The answer should be the lines from the one with "by (simp add: Qn normal_form(2))" through the final line of the entries, restated word for word.

· · · · · · ·

(* Let $H\in\mathbb{R}^{d\times d}$ be symmetric positive definite, $q\in\mathbb{R}^d$ and $\theta_*=H^{-1}q$. For each $n\ge 1$ let $P_n,Q_n,R_n\in\mathbb{R}[X]$ be polynomials, and set $A_n=P_n(H)$, $B_n=Q_n(H)$, $c_n=R_n(H)q$. Assume: (i) ($\theta_*$-stationarity) $\theta_*=A_n\theta_*+B_n\theta_*+c_n$ for all $n\ge 1$; (ii) ($n$-scalability) there exist matrices $A,B\in\mathbb{R}^{d\times d}$ such that $A_n=\frac{n}{n+1}A$ and $B_n=\frac{n-1}{n+1}B$ for all $n\ge 1$. Then there exist polynomials $\bar A,\bar B\in\mathbb{R}[X]$ such that for all $n\ge1$: $$A_n=\frac{2n}{n+1}\Big(I-\frac{\bar A(H)+\bar B(H)}{2}H\Big),\qquad B_n=-\frac{n-1}{n+1}\big(I-\bar B(H)H\big),\qquad c_n=\frac{n\bar A(H)+\bar B(H)}{n+1}\,q.$$
   Context: These matrices define the second-order iterative algorithm $\theta_{n+1}=A_n\theta_n+B_n\theta_{n-1}+c_n$ (with $\theta_1=\theta_0\in\mathbb{R}^d$) for minimizing $f(\theta)=\frac12\langle\theta,H\theta\rangle-\langle q,\theta\rangle$, whose minimizer is $\theta_*=H^{-1}q$. *)

theory Defs
  imports "HOL-Analysis.Analysis" "HOL-Computational_Algebra.Polynomial"
begin

fun mat_pow :: "real^'n^'n \<Rightarrow> nat \<Rightarrow> real^'n^'n" where
  "mat_pow A 0 = mat 1"
| "mat_pow A (Suc k) = A ** mat_pow A k"

definition poly_mat :: "real poly \<Rightarrow> real^'n^'n \<Rightarrow> real^'n^'n" where
  "poly_mat p A = (\<Sum>i\<le>degree p. coeff p i *\<^sub>R mat_pow A i)"

definition sym_pos_def :: "real^'n^'n \<Rightarrow> bool" where
  "sym_pos_def H \<longleftrightarrow> transpose H = H \<and> (\<forall>x. x \<noteq> 0 \<longrightarrow> x \<bullet> (H *v x) > 0)"

end

theory Submission
  imports Defs
begin

text \<open>
  Polynomials in an invertible matrix \<open>H\<close> form a finite-dimensional space on which
  multiplication by \<open>H\<close> is injective, hence bijective; so every polynomial in \<open>H\<close> is
  \<open>S(H) H\<close> for some polynomial \<open>S\<close>. Scalability at \<open>n = 1\<close> and \<open>n = 2\<close> shows that
  \<open>A = 2 P\<^sub>1(H)\<close> and \<open>B = 3 Q\<^sub>2(H)\<close> are polynomials in \<open>H\<close>, so we may choose \<open>Bbar\<close> with
  \<open>Bbar(H) H = I + B\<close> and \<open>Abar\<close> with \<open>(Abar + Bbar)(H) H = 2I - A\<close>; this gives the forms
  of \<open>A\<^sub>n\<close> and \<open>B\<^sub>n\<close>. Stationarity says \<open>c\<^sub>n = (I - A\<^sub>n - B\<^sub>n) \<theta>\<^sub>*\<close>, and writing
  \<open>I - A\<^sub>n - B\<^sub>n\<close> as a polynomial in \<open>H\<close> times \<open>H\<close> turns \<open>H \<theta>\<^sub>*\<close> into \<open>q\<close>.
\<close>

lemma matrix_add_rdistrib: "((A::real^'n^'m) + B) ** C = A ** C + B ** C"
  by (simp add: matrix_matrix_mult_def vec_eq_iff sum.distrib algebra_simps)

lemma matrix_diff_rdistrib: "((A::real^'n^'m) - B) ** C = A ** C - B ** C"
  by (metis add_diff_cancel diff_add_cancel matrix_add_rdistrib)

lemma linear_matrix_mult_left: "linear (\<lambda>M::real^'p^'n. (A::real^'n^'m) ** M)"
  by (rule linearI) (simp_all add: matrix_add_ldistrib matrix_scalar_ac scalar_matrix_assoc)

lemma linear_matrix_mult_right: "linear (\<lambda>M::real^'n^'m. M ** (A::real^'p^'n))"
  by (rule linearI) (simp_all add: matrix_add_rdistrib scalar_matrix_assoc)

lemma matrix_inv_right:
  fixes A :: "real^'n^'n"
  assumes "invertible A"
  shows "A ** matrix_inv A = mat 1"
  using assms unfolding invertible_def matrix_inv_def
  by (rule someI_ex[where P="\<lambda>A'. A ** A' = mat 1 \<and> A' ** A = mat 1", THEN conjunct1])

lemma sym_pos_def_invertible: "sym_pos_def H \<Longrightarrow> invertible H"
  unfolding sym_pos_def_def invertible_left_inverse matrix_left_invertible_ker
  by (metis inner_zero_right less_irrefl)

lemma mat_pow_commute: "A ** mat_pow A k = mat_pow A k ** A"
  by (induction k) (simp_all add: matrix_mul_assoc)

lemma poly_mat_eq_sum:
  assumes "degree p \<le> N"
  shows "poly_mat p A = (\<Sum>i\<le>N. coeff p i *\<^sub>R mat_pow A i)"
  unfolding poly_mat_def
  by (rule sum.mono_neutral_left) (use assms in \<open>auto intro!: coeff_eq_0 simp: not_le\<close>)

lemma poly_mat_add: "poly_mat (p + q) A = poly_mat p A + poly_mat q A"
proof -
  have "degree (p + q) \<le> max (degree p) (degree q)"
    by (rule degree_add_le) auto
  then show ?thesis
    by (simp add: poly_mat_eq_sum[of _ "max (degree p) (degree q)"] scaleR_add_left sum.distrib)
qed

lemma poly_mat_diff: "poly_mat (p - q) A = poly_mat p A - poly_mat q A"
  by (metis add_diff_cancel diff_add_cancel poly_mat_add)

lemma poly_mat_smult: "poly_mat (smult c p) A = c *\<^sub>R poly_mat p A"
  by (simp add: poly_mat_eq_sum[of _ "degree p"] scaleR_sum_right)

lemma poly_mat_const: "poly_mat [:c:] A = c *\<^sub>R mat 1"
  by (simp add: poly_mat_def)

lemma poly_mat_pCons_0: "poly_mat (pCons 0 p) A = A ** poly_mat p A"
proof -
  have "A ** poly_mat p A = (\<Sum>i\<le>degree p. coeff p i *\<^sub>R mat_pow A (Suc i))"
    unfolding poly_mat_def linear_sum[OF linear_matrix_mult_left]
    by (simp add: matrix_scalar_ac flip: scalar_matrix_assoc)
  also have "\<dots> = (\<Sum>i\<le>Suc (degree p). coeff (pCons 0 p) i *\<^sub>R mat_pow A i)"
    by (subst sum.atMost_Suc_shift) simp
  also have "\<dots> = poly_mat (pCons 0 p) A"
    by (rule poly_mat_eq_sum[symmetric]) (simp add: degree_pCons_le)
  finally show ?thesis ..
qed

lemma poly_mat_commute: "poly_mat p A ** A = A ** poly_mat p A"
  unfolding poly_mat_def linear_sum[OF linear_matrix_mult_left] linear_sum[OF linear_matrix_mult_right]
  by (simp add: matrix_scalar_ac mat_pow_commute flip: scalar_matrix_assoc)

lemma subspace_range_poly_mat: "subspace (range (\<lambda>p. poly_mat p A))"
  unfolding subspace_def
proof (intro conjI ballI allI)
  show "0 \<in> range (\<lambda>p. poly_mat p A)"
    by (rule range_eqI[of _ _ 0]) (simp add: poly_mat_def)
next
  fix x y assume "x \<in> range (\<lambda>p. poly_mat p A)" "y \<in> range (\<lambda>p. poly_mat p A)"
  then obtain a b where "x = poly_mat a A" "y = poly_mat b A" by blast
  then show "x + y \<in> range (\<lambda>p. poly_mat p A)"
    by (metis poly_mat_add rangeI)
next
  fix c x assume "x \<in> range (\<lambda>p. poly_mat p A)"
  then obtain a where "x = poly_mat a A" by blast
  then show "c *\<^sub>R x \<in> range (\<lambda>p. poly_mat p A)"
    by (metis poly_mat_smult rangeI)
qed

lemma poly_mat_factor_right:
  fixes H :: "real^'n^'n"
  assumes "invertible H"
  shows "\<exists>s. poly_mat s H ** H = poly_mat p H"
proof -
  let ?V = "range (\<lambda>p. poly_mat p H)"
  have "inj ((**) H)"
    by (rule injI) (metis assms invertible_left_inverse matrix_mul_assoc matrix_mul_lid)
  then have "dim ((**) H ` ?V) = dim ?V"
    by (intro dim_image_eq[OF linear_matrix_mult_left]) (auto simp: inj_on_def)
  moreover have "(**) H ` ?V \<subseteq> ?V"
    by (auto simp flip: poly_mat_pCons_0)
  ultimately have "(**) H ` ?V = ?V"
    by (intro subspace_dim_equal linear_subspace_image[OF linear_matrix_mult_left]
        subspace_range_poly_mat) simp_all
  then have "poly_mat p H \<in> (**) H ` ?V" by simp
  then show ?thesis by (auto simp: poly_mat_commute)
qed

lemma scaleR_combination_eq:
  fixes I A B :: "'a::real_vector" and n :: real
  assumes "n \<ge> 0"
  shows "(1 / (n + 1)) *\<^sub>R (n *\<^sub>R ((2 *\<^sub>R I - A) - (I + B)) + (I + B))
    = I - (n / (n + 1)) *\<^sub>R A - ((n - 1) / (n + 1)) *\<^sub>R B"
proof -
  define k where "k = 1 / (n + 1)"
  have k: "n * k + k = 1"
    using assms by (simp add: k_def field_simps)
  have fractions: "n / (n + 1) = n * k" "(n - 1) / (n + 1) = n * k - k"
    by (simp_all add: k_def diff_divide_distrib)
  have "k *\<^sub>R (n *\<^sub>R ((2 *\<^sub>R I - A) - (I + B)) + (I + B))
      = (n * k + k) *\<^sub>R I - (n * k) *\<^sub>R A - (n * k - k) *\<^sub>R B"
    by (simp add: algebra_simps flip: scaleR_add_left)
  then show ?thesis
    unfolding k_def[symmetric] fractions k by simp
qed

lemma scalable_normal_form:
  fixes A B S T H :: "real^'n^'n" and n :: real
  assumes S: "S ** H = 2 *\<^sub>R mat 1 - A" and T: "T ** H = mat 1 + B" and "n \<ge> 0"
  shows "(n / (n + 1)) *\<^sub>R A = (2 * n / (n + 1)) *\<^sub>R (mat 1 - (1/2) *\<^sub>R (S ** H))"
    and "((n - 1) / (n + 1)) *\<^sub>R B = - (((n - 1) / (n + 1)) *\<^sub>R (mat 1 - T ** H))"
    and "((1 / (n + 1)) *\<^sub>R (n *\<^sub>R (S - T) + T)) ** H
      = mat 1 - (n / (n + 1)) *\<^sub>R A - ((n - 1) / (n + 1)) *\<^sub>R B"
proof -
  have "mat 1 - (1/2) *\<^sub>R (S ** H) = (1/2) *\<^sub>R A"
    by (simp add: S scaleR_diff_right)
  moreover have "2 * n / (n + 1) * (1/2) = n / (n + 1)"
    using \<open>n \<ge> 0\<close> by (simp add: field_simps)
  ultimately show "(n / (n + 1)) *\<^sub>R A = (2 * n / (n + 1)) *\<^sub>R (mat 1 - (1/2) *\<^sub>R (S ** H))"
    by (metis scaleR_scaleR)
  show "((n - 1) / (n + 1)) *\<^sub>R B = - (((n - 1) / (n + 1)) *\<^sub>R (mat 1 - T ** H))"
    by (simp add: T)
  have "((1 / (n + 1)) *\<^sub>R (n *\<^sub>R (S - T) + T)) ** H
      = (1 / (n + 1)) *\<^sub>R (n *\<^sub>R (S ** H - T ** H) + T ** H)"
    by (simp add: matrix_add_rdistrib matrix_diff_rdistrib flip: scalar_matrix_assoc)
  then show "((1 / (n + 1)) *\<^sub>R (n *\<^sub>R (S - T) + T)) ** H
      = mat 1 - (n / (n + 1)) *\<^sub>R A - ((n - 1) / (n + 1)) *\<^sub>R B"
    unfolding S T scaleR_combination_eq[OF \<open>n \<ge> 0\<close>] .
qed

lemma scalable_coefficients_factor:
  fixes H A B :: "real^'n^'n"
  assumes "invertible H"
    and "\<forall>n\<ge>1. poly_mat (P n) H = (real n / (real n + 1)) *\<^sub>R A \<and>
        poly_mat (Q n) H = ((real n - 1) / (real n + 1)) *\<^sub>R B"
  shows "\<exists>s t. poly_mat s H ** H = 2 *\<^sub>R mat 1 - A \<and> poly_mat t H ** H = mat 1 + B"
proof -
  have "2 *\<^sub>R mat 1 - A = poly_mat ([:2:] - smult 2 (P 1)) H"
    using assms(2)[rule_format, of 1] by (simp add: poly_mat_diff poly_mat_smult poly_mat_const)
  moreover have "mat 1 + B = poly_mat ([:1:] + smult 3 (Q 2)) H"
    using assms(2)[rule_format, of 2] by (simp add: poly_mat_add poly_mat_smult poly_mat_const)
  ultimately show ?thesis
    using poly_mat_factor_right[OF assms(1)] by metis
qed

lemma stationary_offset_eq:
  fixes H A B M :: "real^'n^'n"
  assumes "invertible H"
    and "matrix_inv H *v q = A *v (matrix_inv H *v q) + B *v (matrix_inv H *v q) + c"
    and "M ** H = mat 1 - A - B"
  shows "c = M *v q"
proof -
  have "c = (mat 1 - A - B) *v (matrix_inv H *v q)"
    using assms(2) by (simp add: algebra_simps)
  also have "\<dots> = (M ** H) *v (matrix_inv H *v q)"
    by (simp add: assms(3))
  also have "\<dots> = M *v ((H ** matrix_inv H) *v q)"
    by (simp add: matrix_vector_mul_assoc matrix_mul_assoc)
  finally show ?thesis
    by (simp add: matrix_inv_right[OF assms(1)])
qed

theorem theorem1:
  fixes H :: "real^'d^'d" and q :: "real^'d"
    and P Q R :: "nat \<Rightarrow> real poly"
  assumes H: "sym_pos_def H"
    and stat: "\<forall>n\<ge>1. matrix_inv H *v q =
        poly_mat (P n) H *v (matrix_inv H *v q) + poly_mat (Q n) H *v (matrix_inv H *v q)
        + poly_mat (R n) H *v q"
    and scal: "\<exists>A B :: real^'d^'d. \<forall>n\<ge>1.
        poly_mat (P n) H = (real n / (real n + 1)) *\<^sub>R A \<and>
        poly_mat (Q n) H = ((real n - 1) / (real n + 1)) *\<^sub>R B"
  shows "\<exists>Abar Bbar :: real poly. \<forall>n\<ge>1.
        poly_mat (P n) H = (2 * real n / (real n + 1)) *\<^sub>R
            (mat 1 - (1/2) *\<^sub>R ((poly_mat Abar H + poly_mat Bbar H) ** H)) \<and>
        poly_mat (Q n) H = - (((real n - 1) / (real n + 1)) *\<^sub>R (mat 1 - poly_mat Bbar H ** H)) \<and>
        poly_mat (R n) H *v q = (1 / (real n + 1)) *\<^sub>R ((real n *\<^sub>R poly_mat Abar H + poly_mat Bbar H) *v q)"
proof -
  have inv: "invertible H"
    using H by (rule sym_pos_def_invertible)
  obtain A B :: "real^'d^'d" where AB: "\<forall>n\<ge>1.
        poly_mat (P n) H = (real n / (real n + 1)) *\<^sub>R A \<and>
        poly_mat (Q n) H = ((real n - 1) / (real n + 1)) *\<^sub>R B"
    using scal by blast
  then obtain s t where s: "poly_mat s H ** H = 2 *\<^sub>R mat 1 - A"
    and t: "poly_mat t H ** H = mat 1 + B"
    using scalable_coefficients_factor[OF inv] by blast
  show ?thesis
  proof (intro exI allI impI conjI)
    fix n :: nat
    assume "n \<ge> 1"
    then have Pn: "poly_mat (P n) H = (real n / (real n + 1)) *\<^sub>R A"
      and Qn: "poly_mat (Q n) H = ((real n - 1) / (real n + 1)) *\<^sub>R B"
      using AB by auto
    note normal_form = scalable_normal_form[OF s t of_nat_0_le_iff]
    show "poly_mat (P n) H = (2 * real n / (real n + 1)) *\<^sub>R
        (mat 1 - (1/2) *\<^sub>R ((poly_mat (s - t) H + poly_mat t H) ** H))"
      by (simp add: Pn poly_mat_diff normal_form(1))
    show "poly_mat (Q n) H = - (((real n - 1) / (real n + 1)) *\<^sub>R (mat 1 - poly_mat t H ** H))"
      by (simp add: Qn normal_form(2))
    have "poly_mat (R n) H *v q
        = ((1 / (real n + 1)) *\<^sub>R (real n *\<^sub>R poly_mat (s - t) H + poly_mat t H)) *v q"
      using stat[rule_format, OF \<open>n \<ge> 1\<close>] unfolding Pn Qn
      by (rule stationary_offset_eq[OF inv]) (simp add: poly_mat_diff normal_form(3))
    then show "poly_mat (R n) H *v q
        = (1 / (real n + 1)) *\<^sub>R ((real n *\<^sub>R poly_mat (s - t) H + poly_mat t H) *v q)"
      by (simp add: scaleR_matrix_vector_assoc)
  qed
qed

end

· · · · · · ·

TASK OUTPUT>
      by (simp add: Qn normal_form(2))
    have "poly_mat (R n) H *v q
        = ((1 / (real n + 1)) *\<^sub>R (real n *\<^sub>R poly_mat (s - t) H + poly_mat t H)) *v q"
      using stat[rule_format, OF \<open>n \<ge> 1\<close>] unfolding Pn Qn
      by (rule stationary_offset_eq[OF inv]) (simp add: poly_mat_diff normal_form(3))
    then show "poly_mat (R n) H *v q
        = (1 / (real n + 1)) *\<^sub>R ((real n *\<^sub>R poly_mat (s - t) H + poly_mat t H) *v q)"
      by (simp add: scaleR_matrix_vector_assoc)
  qed
qed

end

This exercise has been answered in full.